Blue Sash and Bucket Hat

When I was between the ages of 9 and 12, I was a Girl Guide. I wasn’t one of those kids who was hard-core involved, but I popped in and out of the groups (Brownies, Girl Guides) over a series of years.

I recall that we had weekly meetings in a local school gymnasium, did short haul hiking trails, went on overnight camping trips. I learned a whole bunch of skills, ranging from sewing to camping and survival, cooking, first aid, athletics, art and crafts, fishing, astronomy, community service, bird watching, canoeing.

As a Girl Guide, I wore the blue uniform with the diagonal blue sash. For outdoor activities, I wore the blue bucket hat. Both the sash and the hat were blank slates on which to affix earned badges that symbolized our accomplishments of learning or developing a certain skill. On our camping hats we added little crafts and pins and hand-made memorabilia.

There was a very clear expectation that we acquire badges, representing skills, experiences, and challenges. As individuals, we longed to attain as many badges as possible. The girls with the most badges were like decorated generals and very popular. The hats with the most stuff – an elaborate patchwork of woven plastic thingies and badges and crafts — were worn by the coolest girls, the counselors, the leaders. 

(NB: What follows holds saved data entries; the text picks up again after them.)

lemma joint_eigenvectors_exist:
  assumes hA: "hermitian_mat n A" and hB: "hermitian_mat n B"
  shows "m < n \<Longrightarrow> \<forall>s\<in>{2..Suc m}. eig A s + eig B n = eig (A + B) s \<Longrightarrow>
    \<exists>x. joint_eigenvectors n A B m x"
proof (induction m)
  case 0
  show ?case by (auto simp: joint_eigenvectors_def)
next
  case (Suc m)
  then obtain x where x: "joint_eigenvectors n A B m x" by auto
  have "\<And>l. l \<in> {1..<Suc m} \<Longrightarrow>
      x l \<in> carrier_vec n \<and> (A + B) *\<^sub>v x l = complex_of_real (eig (A + B) (Suc l)) \<cdot>\<^sub>v x l"
    using x unfolding joint_eigenvectors_def by auto
  from next_joint_eigenvector[OF hA hB Suc.prems(1) this] Suc.prems(2)
  obtain y where y: "y \<in> carrier_vec n" "y \<noteq> 0\<^sub>v n"
    "A *\<^sub>v y = complex_of_real (eig A (Suc (Suc m))) \<cdot>\<^sub>v y"
    "B *\<^sub>v y = complex_of_real (eig B n) \<cdot>\<^sub>v y"
    "(A + B) *\<^sub>v y = complex_of_real (eig (A + B) (Suc (Suc m))) \<cdot>\<^sub>v y"
    and orth: "\<And>l. l \<in> {1..m} \<Longrightarrow> y \<bullet>c x l = 0" by auto
  have orth': "x l \<bullet>c y = 0" if "l \<in> {1..m}" for l
    using cscalar_prod_cnj[OF y(1), of "x l"] orth[OF that] x that
    unfolding joint_eigenvectors_def by auto
  have "joint_eigenvectors n A B (Suc m) (x(Suc m := y))"
    using x y orth orth' unfolding joint_eigenvectors_def
    by (auto simp: le_Suc_eq)
  thus ?case by blast
qed

theorem proposition1:
  fixes n k :: nat and A B :: "complex mat"
  assumes "2 \<le> k" and "k < n"
    and "hermitian_mat n A" and "hermitian_mat n B"
    and "\<forall>s\<in>{2..k}. eig A s + eig B n = eig (A + B) s"
  shows "\<exists>x :: nat \<Rightarrow> complex vec.
           (\<forall>i\<in>{1..k-1}. x i \<in> carrier_vec n \<and> x i \<noteq> 0\<^sub>v n) \<and>
           (\<forall>i\<in>{1..k-1}. \<forall>j\<in>{1..k-1}. i \<noteq> j \<longrightarrow> x i \<bullet>c x j = 0) \<and>
           (\<forall>s\<in>{2..k}.
              A *\<^sub>v x (s - 1) = complex_of_real (eig A s) \<cdot>\<^sub>v x (s - 1) \<and>
              B *\<^sub>v x (s - 1) = complex_of_real (eig B n) \<cdot>\<^sub>v x (s - 1) \<and>
              (A + B) *\<^sub>v x (s - 1) = complex_of_real (eig (A + B) s) \<cdot>\<^sub>v x (s - 1))"
proof -
  have "k - 1 < n" and "\<forall>s\<in>{2..Suc (k - 1)}. eig A s + eig B n = eig (A + B) s"
    using assms(1,2,5) by auto
  then obtain x where x: "joint_eigenvectors n A B (k - 1) x"
    using joint_eigenvectors_exist[OF assms(3,4)] by blast
  have "s - 1 \<in> {1..k-1}" and "Suc (s - 1) = s" if "s \<in> {2..k}" for s using that by auto
  with x show ?thesis unfolding joint_eigenvectors_def by metis
qed

end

A few weeks ago, a friend shared that he now perceived a difficult ‘shameful’ life experience as being one of his most important ‘badges of honor.’ My decorated blue sash and bucket hat immediately popped into my mind along with metaphorical ‘experience’ badges and symbols I have collected through my life thus far. These badges represent times that were really tough. Times when I thought I wouldn’t make it to the other side. Times for which I may now have regret or remorse. Times of deep nostalgia and wistful longing. Times of frank joy and love and connection and happiness. Simply put, they’re all just badges that I put on my invisible sash, my invisible camper’s hat, that symbolize my life.

It got me thinking: What parts of ourselves do we keep hidden from others? From ourselves? So many of us keep challenges and experience, real human and common experiences, hidden from the world because of shame and stigma. How can we reclaim those personal experiences and empower ourselves? How can we flip these experiences to be badges of honor, badges of experience, overcoming obstacles, evolving and learning and growing and surviving, even thriving? To reposition it from shame to “holy f*ck, good for me for living through that!” For coming out the other side and putting a badge on that sash.

I recently launched a new company, Revelios. Our mission is to change the conversation around mental health in the workplace. One of the most critical goals is reducing stigma so that struggling people can and will speak up and reach out. Stigma keeps the silence. Isolation tends to make the problem grow. Like certain plants that grow in the dark, so too do addiction and mental illness. Light brings clarity. With light, we see others going through the same stuff. As Johann Hari writes, “The opposite of addiction is connection.” 

This isn’t just relevant in the mental health and recovery space. We see stigmatizing language impacting people in every corner of our lives – race, gender, orientation, religion, nationality, professional vocation, political alignment.

The main catalyst for writing my book Three Colors, Twelve Notes was to reflect, remember and catalogue different experiences and perceive every one of them as an integral learning opportunity, a skill to develop, a challenge that I overcame or succumbed to, the experiential modules of my life. 

Since that writing, and upon reflection, when I go deeper and get even more curious, I see that a life full of badges, real or metaphorical, good or bad, happy or tragic, is a life full of human experience. A “full-filled” life. And that I can’t do it alone.

What badges would you put on your sash? 

What badges does society seem to value? Material, shiny things? Superficial, transient things? Do we have life skills to deal with adversity, adjust, adapt, connect and communicate? 

What stigma needs to be removed in order to wear it proudly?

What are the events, experiences, skills, relationships, jobs, health issues, people, places and things that you have gone through, endured, succeeded through challenge, failed through, that you can gather and organize and collect in one place and look at as a collage of a rich and deeply engaged life? 

How do you zoom out and notice how infinitesimal we all are?

We don’t get ‘badges of honour’ for the blissful, easy stuff. So, when life is difficult, as it is in the ordinary course of experience, it is essential to remember there’s some truth to the cliches (nothing lasts forever, no mud/no lotus, etc. etc.), get mindful, and then start designing your new badge.